The claimant sought recovery of damages for the CGT he had to pay together with interest. The claimant also claimed the cost of entering into an abortive tax arrangement, provided by Montpelier, which had not been successful and on which he had spent £200,000 in fees. The judge held that the claimant was indeed entitled to recover £847,458 less the legal, accountancy and trustee expenses that he would have incurred had he, as he should have been advised, entered into a BWS.

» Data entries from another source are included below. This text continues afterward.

(* The average number of leaves of a uniformly random Retakh plane tree with $n$ nodes is asymptotically $\frac{4}{9}n$ as $n\to\infty$. Equivalently, the average number of peaks of a uniformly random Retakh Dyck path of semilength $n$ is $\sim\frac49 n$.
   Context: A Retakh plane tree is a plane (ordered rooted) tree in which every non-root leaf has depth $1$ or even depth (root depth $0$); a leaf is a node without children. A Retakh Dyck path is a Dyck path all of whose peaks (up-step followed by down-step) are at level $1$ or at an even level; under the standard bijection, Dyck paths of semilength $n$ correspond to plane trees with $n+1$ nodes and peaks correspond to non-root leaves. *)

theory Defs
  imports Complex_Main "HOL-Library.Landau_Symbols"
begin

datatype ptree = Node "ptree list"

fun nodes :: "ptree \<Rightarrow> nat" where
  "nodes (Node ts) = 1 + sum_list (map nodes ts)"

fun leaves :: "ptree \<Rightarrow> nat" where
  "leaves (Node ts) = (if ts = [] then 1 else sum_list (map leaves ts))"

fun leaf_depths :: "nat \<Rightarrow> ptree \<Rightarrow> nat set" where
  "leaf_depths d (Node ts) =
     (if ts = [] then {d} else \<Union> (set (map (leaf_depths (Suc d)) ts)))"

definition retakh :: "ptree \<Rightarrow> bool" where
  "retakh t \<longleftrightarrow> (\<forall>d \<in> leaf_depths 0 t. d \<noteq> 0 \<longrightarrow> d = 1 \<or> even d)"

definition retakh_trees :: "nat \<Rightarrow> ptree set" where
  "retakh_trees n = {t. retakh t \<and> nodes t = n}"

definition avg_leaves :: "nat \<Rightarrow> real" where
  "avg_leaves n = (\<Sum>t\<in>retakh_trees n. real (leaves t)) / real (card (retakh_trees n))"

end

theory Submission
  imports Defs "HOL-Computational_Algebra.Formal_Power_Series"
begin

(*
  The subtrees of the root of a Retakh tree are single nodes or trees all of whose leaves lie at
  odd depth; a tree with all leaves at odd (even) depth hangs trees with all leaves at even (odd)
  depth from its root, the one-node tree counting as even only. Counting by size, this becomes an
  algebraic system of generating functions, solved by expressing everything through the series
  T(x) = 1/sqrt(1 - 2x - 3x^2) of the central trinomial coefficients T_n. Reading off coefficients,
  the number R_n of Retakh trees and the total number L_n of their leaves satisfy
  2n R_n = T_(n+1) - T_n and 2 L_n = 4 T_(n+1) - T_(n+2) - 6 T_(n-1) - T_(n-2). Finally
  T_(n+1)/T_n tends to 3, so L_n / R_n ~ n (4*27 - 81 - 6*3 - 1) / (27 - 9) = 4n/9.
*)

unbundle fps_syntax

section \<open>Retakh trees through leaf parities\<close>

fun leaf_parity :: "bool \<Rightarrow> ptree \<Rightarrow> bool" where
  "leaf_parity p (Node ts) \<longleftrightarrow> (if ts = [] then p else (\<forall>t\<in>set ts. leaf_parity (\<not> p) t))"

fun all_children :: "(ptree \<Rightarrow> bool) \<Rightarrow> ptree \<Rightarrow> bool" where
  "all_children P (Node ts) \<longleftrightarrow> (\<forall>t\<in>set ts. P t)"

definition retakh_branch :: "ptree \<Rightarrow> bool" where
  "retakh_branch = all_children (leaf_parity True)"

lemma leaf_depths_shift: "leaf_depths d t = (\<lambda>x. x + d) ` leaf_depths 0 t"
proof (induction t arbitrary: d)
  case (Node ts)
  have "leaf_depths (Suc d) t = (\<lambda>x. x + d) ` leaf_depths (Suc 0) t" if "t \<in> set ts" for t
    using Node[OF that, of "Suc d"] Node[OF that, of "Suc 0"] by (simp add: image_image)
  then show ?case
    by (cases "ts = []") (simp_all add: image_UN cong: SUP_cong)
qed

lemma leaf_depths_Node:
  "ts \<noteq> [] \<Longrightarrow> leaf_depths 0 (Node ts) = (\<Union>t\<in>set ts. Suc ` leaf_depths 0 t)"
  using leaf_depths_shift[of "Suc 0"] by simp

lemma leaf_depths_leaf [simp]: "leaf_depths d (Node []) = {d}"
  by simp

declare leaf_depths.simps [simp del]

lemma leaf_parity_iff: "leaf_parity p t \<longleftrightarrow> (\<forall>d\<in>leaf_depths 0 t. even d = p)"
proof (induction t arbitrary: p)
  case (Node ts)
  then show ?case
    by (cases "ts = []") (auto simp: leaf_depths_Node)
qed

lemma leaf_parity_True: "leaf_parity True = all_children (leaf_parity False)"
proof
  fix t show "leaf_parity True t = all_children (leaf_parity False) t"
    by (cases t) auto
qed

lemma leaf_parity_False: "leaf_parity False = (\<lambda>t. all_children (leaf_parity True) t \<and> t \<noteq> Node [])"
proof
  fix t show "leaf_parity False t = (all_children (leaf_parity True) t \<and> t \<noteq> Node [])"
    by (cases t) auto
qed

lemma retakh_branch_iff: "retakh_branch t \<longleftrightarrow> (\<forall>d\<in>leaf_depths 0 t. d = 0 \<or> odd d)"
proof (cases t)
  case (Node ts)
  then show ?thesis
    by (cases "ts = []") (auto simp: retakh_branch_def leaf_depths_Node leaf_parity_iff)
qed

lemma retakh_eq: "retakh = all_children retakh_branch"
proof
  fix t show "retakh t = all_children retakh_branch t"
  proof (cases t)
    case (Node ts)
    then show ?thesis
      by (cases "ts = []") (auto simp: retakh_def leaf_depths_Node retakh_branch_iff)
  qed
qed

definition sized_trees :: "(ptree \<Rightarrow> bool) \<Rightarrow> nat \<Rightarrow> ptree set" where
  "sized_trees P n = {t. P t \<and> nodes t = n}"

definition sized_forests :: "(ptree \<Rightarrow> bool) \<Rightarrow> nat \<Rightarrow> ptree list set" where
  "sized_forests P n = {ts. (\<forall>t\<in>set ts. P t) \<and> sum_list (map nodes ts) = n}"

lemma nodes_neq_0: "nodes t \<noteq> 0"
  by (cases t) auto

lemma forest_in_bounded_lists:
  assumes "sum_list (map nodes ts) \<le> n"
  shows "ts \<in> {ts. set ts \<subseteq> {t. nodes t \<le> n} \<and> length ts \<le> n}"
proof -
  have "length ts \<le> sum_list (map nodes ts)"
  proof (induction ts)
    case (Cons t ts)
    then show ?case
      using nodes_neq_0[of t] by simp
  qed simp
  moreover have "nodes t \<le> sum_list (map nodes ts)" if "t \<in> set ts" for t
    using that by (simp add: member_le_sum_list)
  ultimately show ?thesis
    using assms by (auto intro: order_trans)
qed

lemma finite_nodes_le: "finite {t. nodes t \<le> n}"
proof (induction n)
  case 0
  then show ?case by (simp add: nodes_neq_0)
next
  case (Suc n)
  have "{t. nodes t \<le> Suc n} \<subseteq> Node ` {ts. set ts \<subseteq> {t. nodes t \<le> n} \<and> length ts \<le> n}"
  proof
    fix t assume "t \<in> {t. nodes t \<le> Suc n}"
    then show "t \<in> Node ` {ts. set ts \<subseteq> {t. nodes t \<le> n} \<and> length ts \<le> n}"
      by (cases t) (auto intro!: imageI forest_in_bounded_lists)
  qed
  then show ?case
    using finite_lists_length_le[OF Suc.IH] finite_subset by blast
qed

lemma finite_sized_trees: "finite (sized_trees P n)"
  by (rule finite_subset[OF _ finite_nodes_le[of n]]) (auto simp: sized_trees_def)

lemma finite_sized_forests: "finite (sized_forests P n)"
proof (rule finite_subset[OF _ finite_lists_length_le[OF finite_nodes_le[of n]]])
  show "sized_forests P n \<subseteq> {ts. set ts \<subseteq> {t. nodes t \<le> n} \<and> length ts \<le> n}"
    using forest_in_bounded_lists[of _ n] by (auto simp: sized_forests_def)
qed

lemma sized_trees_0: "sized_trees P 0 = {}"
  by (auto simp: sized_trees_def nodes_neq_0)

lemma sized_forests_0: "sized_forests P 0 = {[]}"
  by (auto simp: sized_forests_def nodes_neq_0)

lemma sized_forests_Cons:
  assumes "0 < n"
  shows "sized_forests P n =
    (\<Union>k\<in>{0..n}. (\<lambda>(t, f). t # f) ` (sized_trees P k \<times> sized_forests P (n - k)))"
    (is "_ = ?rhs")
proof (intro equalityI subsetI)
  fix ts assume "ts \<in> sized_forests P n"
  with assms obtain t f where "ts = t # f"
    by (cases ts) (auto simp: sized_forests_def)
  with \<open>ts \<in> sized_forests P n\<close> show "ts \<in> ?rhs"
    by (auto simp: sized_forests_def sized_trees_def intro!: bexI[of _ "nodes t"])
qed (auto simp: sized_forests_def sized_trees_def)

lemma sum_sized_forests_Cons:
  fixes w :: "ptree list \<Rightarrow> 'a::comm_monoid_add"
  assumes "0 < n"
  shows "(\<Sum>ts\<in>sized_forests P n. w ts) =
    (\<Sum>k=0..n. \<Sum>t\<in>sized_trees P k. \<Sum>f\<in>sized_forests P (n - k). w (t # f))"
proof -
  have "(\<Sum>ts\<in>sized_forests P n. w ts) =
      (\<Sum>k=0..n. \<Sum>ts\<in>(\<lambda>(t, f). t # f) ` (sized_trees P k \<times> sized_forests P (n - k)). w ts)"
    unfolding sized_forests_Cons[OF assms]
    by (rule sum.UNION_disjoint)
      (simp_all add: finite_sized_trees finite_sized_forests, auto simp: sized_trees_def)
  also have "\<dots> = (\<Sum>k=0..n. \<Sum>t\<in>sized_trees P k. \<Sum>f\<in>sized_forests P (n - k). w (t # f))"
    by (simp add: sum.reindex inj_on_def case_prod_beta sum.cartesian_product)
  finally show ?thesis .
qed

section \<open>Generating functions\<close>

definition tree_gf :: "(ptree \<Rightarrow> bool) \<Rightarrow> real fps" where
  "tree_gf P = Abs_fps (\<lambda>n. real (card (sized_trees P n)))"

definition tree_leaves_gf :: "(ptree \<Rightarrow> bool) \<Rightarrow> real fps" where
  "tree_leaves_gf P = Abs_fps (\<lambda>n. \<Sum>t\<in>sized_trees P n. real (leaves t))"

definition forest_gf :: "(ptree \<Rightarrow> bool) \<Rightarrow> real fps" where
  "forest_gf P = Abs_fps (\<lambda>n. real (card (sized_forests P n)))"

definition forest_leaves_gf :: "(ptree \<Rightarrow> bool) \<Rightarrow> real fps" where
  "forest_leaves_gf P = Abs_fps (\<lambda>n. \<Sum>ts\<in>sized_forests P n. real (sum_list (map leaves ts)))"

lemma tree_gf_nth_0: "tree_gf P $ 0 = 0"
  by (simp add: tree_gf_def sized_trees_0)

lemma forest_gf_rec: "forest_gf P = 1 + tree_gf P * forest_gf P"
proof (rule fps_ext)
  fix n
  show "forest_gf P $ n = (1 + tree_gf P * forest_gf P) $ n"
  proof (cases "n = 0")
    case True
    then show ?thesis
      by (simp add: forest_gf_def tree_gf_def sized_forests_0 sized_trees_0)
  next
    case False
    then show ?thesis
      using sum_sized_forests_Cons[where w = "\<lambda>_. 1 :: real"]
      by (simp add: forest_gf_def tree_gf_def fps_mult_nth)
  qed
qed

The claimant argued that he was also entitled to £200,000 in relation to the Montpelier arrangement because, had he been properly advised by a non-dom specialist, he would not have signed up to it. The claimant’s case for recovering the costs of entering into the Montpelier arrangement was not that the defendants were negligent in causing him to enter into the Montpelier arrangement, but rather that these costs were foreseeable damages flowing from the defendants’ failure to advise the claimant to seek the advice of a non-dom expert. The judge agreed and said (at 526): ‘I do not consider that a reasonably competent non-dom specialist would have advised the claimant, who clearly was a non-dom, to enter into a CRP scheme in the light of its obviously artificial nature and the fact that it was based on a second hand insurance policy scheme which was blocked by the 2003 Budget … he would not have used the Montpelier scheme.’

Where does this leave us?

Much is made by HMRC of the necessity for taxpayers, both corporate and individual, to pay their ‘fair share’ of tax, whatever this phrase might mean. However, accountants and other professional advisers, such as solicitors, must remain alive to the professional duties that they owe to their clients to ensure that they receive proper advice, or are referred to other professional advisers who have the necessary expertise to enable advice in a particular specialist area to be given. Such advice may, in certain circumstances, extend to providing specialist advice on tax mitigation arrangements. Given the decision in Mehjoo, it will be interesting to see whether the Solicitor’s Regulation Authority will revisit the advice it has issued to solicitors in relation to SDLT planning arrangements.